_Data for the task_:
(* Let $d>1$ and let $f\colon[0,1]^{d-1}\times[0,1]\to[0,\infty)$ be a continuous conditional density, i.e. $f$ is continuous and $\int_0^1 f(x,y)\,dy=1$ for every $x\in[0,1]^{d-1}$. Then for every $\epsilon>0$ there exists a (unit-integral-normalized) SPICE model $\hat f_\theta(y\mid x)$ such that $\sup_{(x,y)\in[0,1]^d}|f(x,y)-\hat f_\theta(y\mid x)|<\epsilon$.
   Context: A SPICE model of degree $n\ge 1$ with $K$ knots: a neural network maps $x\in[0,1]^{d-1}$ to sorted knot positions $0=t_1\le\dots\le t_K=1$ and heights. On each $[t_i,t_{i+1}]$, with points $\tau_i^j=t_i+(j-1)\frac{t_{i+1}-t_i}{n}$ ($j=1,\dots,n+1$) and heights $h_i^j$ (endpoint heights shared between consecutive pieces and positive, intermediate heights arbitrary reals), $p_i$ is the degree-$\le n$ Lagrange interpolating polynomial of $\{(\tau_i^j,h_i^j)\}_j$ and $\bar p_i=\max(p_i,0)$. The normalized SPICE density is $\hat f_\theta(y\mid x)=\bar p_\ell(y)\big/\sum_{i=1}^{K-1}\int_{t_i}^{t_{i+1}}\bar p_i(y')\,dy'$, where $t_\ell\le y<t_{\ell+1}$ (last piece at $y=1$), all parameters being the network outputs at $x$. The un-normalized model is $\bar p_\ell(y)$ without the division. *)

theory Defs
  imports "HOL-Analysis.Analysis"
begin

definition relu :: "real \<Rightarrow> real" where
  "relu z = max 0 z"

definition affine_layer :: "real list list \<Rightarrow> real list \<Rightarrow> real list \<Rightarrow> real list" where
  "affine_layer W b v = map2 (\<lambda>row c. sum_list (map2 (*) row v) + c) W b"

fun nn_rest :: "(real list list \<times> real list) list \<Rightarrow> real list \<Rightarrow> real list" where
  "nn_rest [] v = v"
| "nn_rest ((W, b) # Ls) v = nn_rest Ls (affine_layer W b (map relu v))"

text \<open>A network = first affine layer (acting on the input vector) followed by
  further layers, each preceded by a ReLU activation; the output is affine.\<close>
type_synonym 'n network = "((real^'n) \<times> real) list \<times> (real list list \<times> real list) list"

definition nn_eval :: "'n::finite network \<Rightarrow> real^'n \<Rightarrow> real list" where
  "nn_eval N x = nn_rest (snd N) (map (\<lambda>(w, c). w \<bullet> x + c) (fst N))"

definition unit_cube :: "(real^'n::finite) set" where
  "unit_cube = {x. \<forall>i. 0 \<le> x $ i \<and> x $ i \<le> 1}"

text \<open>Conventions (0-indexed): degree n, K knots t 0 .. t (K-1), pieces i < K-1 on
  [t i, t (i+1)].
  Heights are stored globally: node j of piece i has height H (i*n+j), so endpoint heights
  H (i*n) are shared between consecutive pieces. The network output list is
  [t 0, ..., t (K-1), H 0, ..., H ((K-1)*n)].\<close>

definition spice_knot :: "nat \<Rightarrow> real list \<Rightarrow> nat \<Rightarrow> real" where
  "spice_knot K out i = out ! i"

definition spice_height :: "nat \<Rightarrow> real list \<Rightarrow> nat \<Rightarrow> real" where
  "spice_height K out g = out ! (K + g)"

definition lagrange_interp :: "nat \<Rightarrow> (nat \<Rightarrow> real) \<Rightarrow> (nat \<Rightarrow> real) \<Rightarrow> real \<Rightarrow> real" where
  "lagrange_interp n xs ys y =
     (\<Sum>j\<le>n. ys j * (\<Prod>k\<in>{..n} - {j}. (y - xs k) / (xs j - xs k)))"

definition spice_poly :: "nat \<Rightarrow> (nat \<Rightarrow> real) \<Rightarrow> (nat \<Rightarrow> real) \<Rightarrow> nat \<Rightarrow> real \<Rightarrow> real" where
  "spice_poly n t H i y =
     lagrange_interp n (\<lambda>j. t i + real j * (t (Suc i) - t i) / real n) (\<lambda>j. H (i * n + j)) y"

_What you should do_:
An exact written copy of every entry is the required answer.

_Response area_:
(* Let $d>1$ and let $f\colon[0,1]^{d-1}\times[0,1]\to[0,\infty)$ be a continuous conditional density, i.e. $f$ is continuous and $\int_0^1 f(x,y)\,dy=1$ for every $x\in[0,1]^{d-1}$. Then for every $\epsilon>0$ there exists a (unit-integral-normalized) SPICE model $\hat f_\theta(y\mid x)$ such that $\sup_{(x,y)\in[0,1]^d}|f(x,y)-\hat f_\theta(y\mid x)|<\epsilon$.
   Context: A SPICE model of degree $n\ge 1$ with $K$ knots: a neural network maps $x\in[0,1]^{d-1}$ to sorted knot positions $0=t_1\le\dots\le t_K=1$ and heights. On each $[t_i,t_{i+1}]$, with points $\tau_i^j=t_i+(j-1)\frac{t_{i+1}-t_i}{n}$ ($j=1,\dots,n+1$) and heights $h_i^j$ (endpoint heights shared between consecutive pieces and positive, intermediate heights arbitrary reals), $p_i$ is the degree-$\le n$ Lagrange interpolating polynomial of $\{(\tau_i^j,h_i^j)\}_j$ and $\bar p_i=\max(p_i,0)$. The normalized SPICE density is $\hat f_\theta(y\mid x)=\bar p_\ell(y)\big/\sum_{i=1}^{K-1}\int_{t_i}^{t_{i+1}}\bar p_i(y')\,dy'$, where $t_\ell\le y<t_{\ell+1}$ (last piece at $y=1$), all parameters being the network outputs at $x$. The un-normalized model is $\bar p_\ell(y)$ without the division. *)

theory Defs
  imports "HOL-Analysis.Analysis"
begin

definition relu :: "real \<Rightarrow> real" where
  "relu z = max 0 z"

definition affine_layer :: "real list list \<Rightarrow> real list \<Rightarrow> real list \<Rightarrow> real list" where
  "affine_layer W b v = map2 (\<lambda>row c. sum_list (map2 (*) row v) + c) W b"

fun nn_rest :: "(real list list \<times> real list) list \<Rightarrow> real list \<Rightarrow> real list" where
  "nn_rest [] v = v"
| "nn_rest ((W, b) # Ls) v = nn_rest Ls (affine_layer W b (map relu v))"

text \<open>A network = first affine layer (acting on the input vector) followed by
  further layers, each preceded by a ReLU activation; the output is affine.\<close>
type_synonym 'n network = "((real^'n) \<times> real) list \<times> (real list list \<times> real list) list"

definition nn_eval :: "'n::finite network \<Rightarrow> real^'n \<Rightarrow> real list" where
  "nn_eval N x = nn_rest (snd N) (map (\<lambda>(w, c). w \<bullet> x + c) (fst N))"

definition unit_cube :: "(real^'n::finite) set" where
  "unit_cube = {x. \<forall>i. 0 \<le> x $ i \<and> x $ i \<le> 1}"

text \<open>Conventions (0-indexed): degree n, K knots t 0 .. t (K-1), pieces i < K-1 on
  [t i, t (i+1)].
  Heights are stored globally: node j of piece i has height H (i*n+j), so endpoint heights
  H (i*n) are shared between consecutive pieces. The network output list is
  [t 0, ..., t (K-1), H 0, ..., H ((K-1)*n)].\<close>

definition spice_knot :: "nat \<Rightarrow> real list \<Rightarrow> nat \<Rightarrow> real" where
  "spice_knot K out i = out ! i"

definition spice_height :: "nat \<Rightarrow> real list \<Rightarrow> nat \<Rightarrow> real" where
  "spice_height K out g = out ! (K + g)"

definition lagrange_interp :: "nat \<Rightarrow> (nat \<Rightarrow> real) \<Rightarrow> (nat \<Rightarrow> real) \<Rightarrow> real \<Rightarrow> real" where
  "lagrange_interp n xs ys y =
     (\<Sum>j\<le>n. ys j * (\<Prod>k\<in>{..n} - {j}. (y - xs k) / (xs j - xs k)))"

definition spice_poly :: "nat \<Rightarrow> (nat \<Rightarrow> real) \<Rightarrow> (nat \<Rightarrow> real) \<Rightarrow> nat \<Rightarrow> real \<Rightarrow> real" where
  "spice_poly n t H i y =
     lagrange_interp n (\<lambda>j. t i + real j * (t (Suc i) - t i) / real n) (\<lambda>j. H (i * n + j)) y"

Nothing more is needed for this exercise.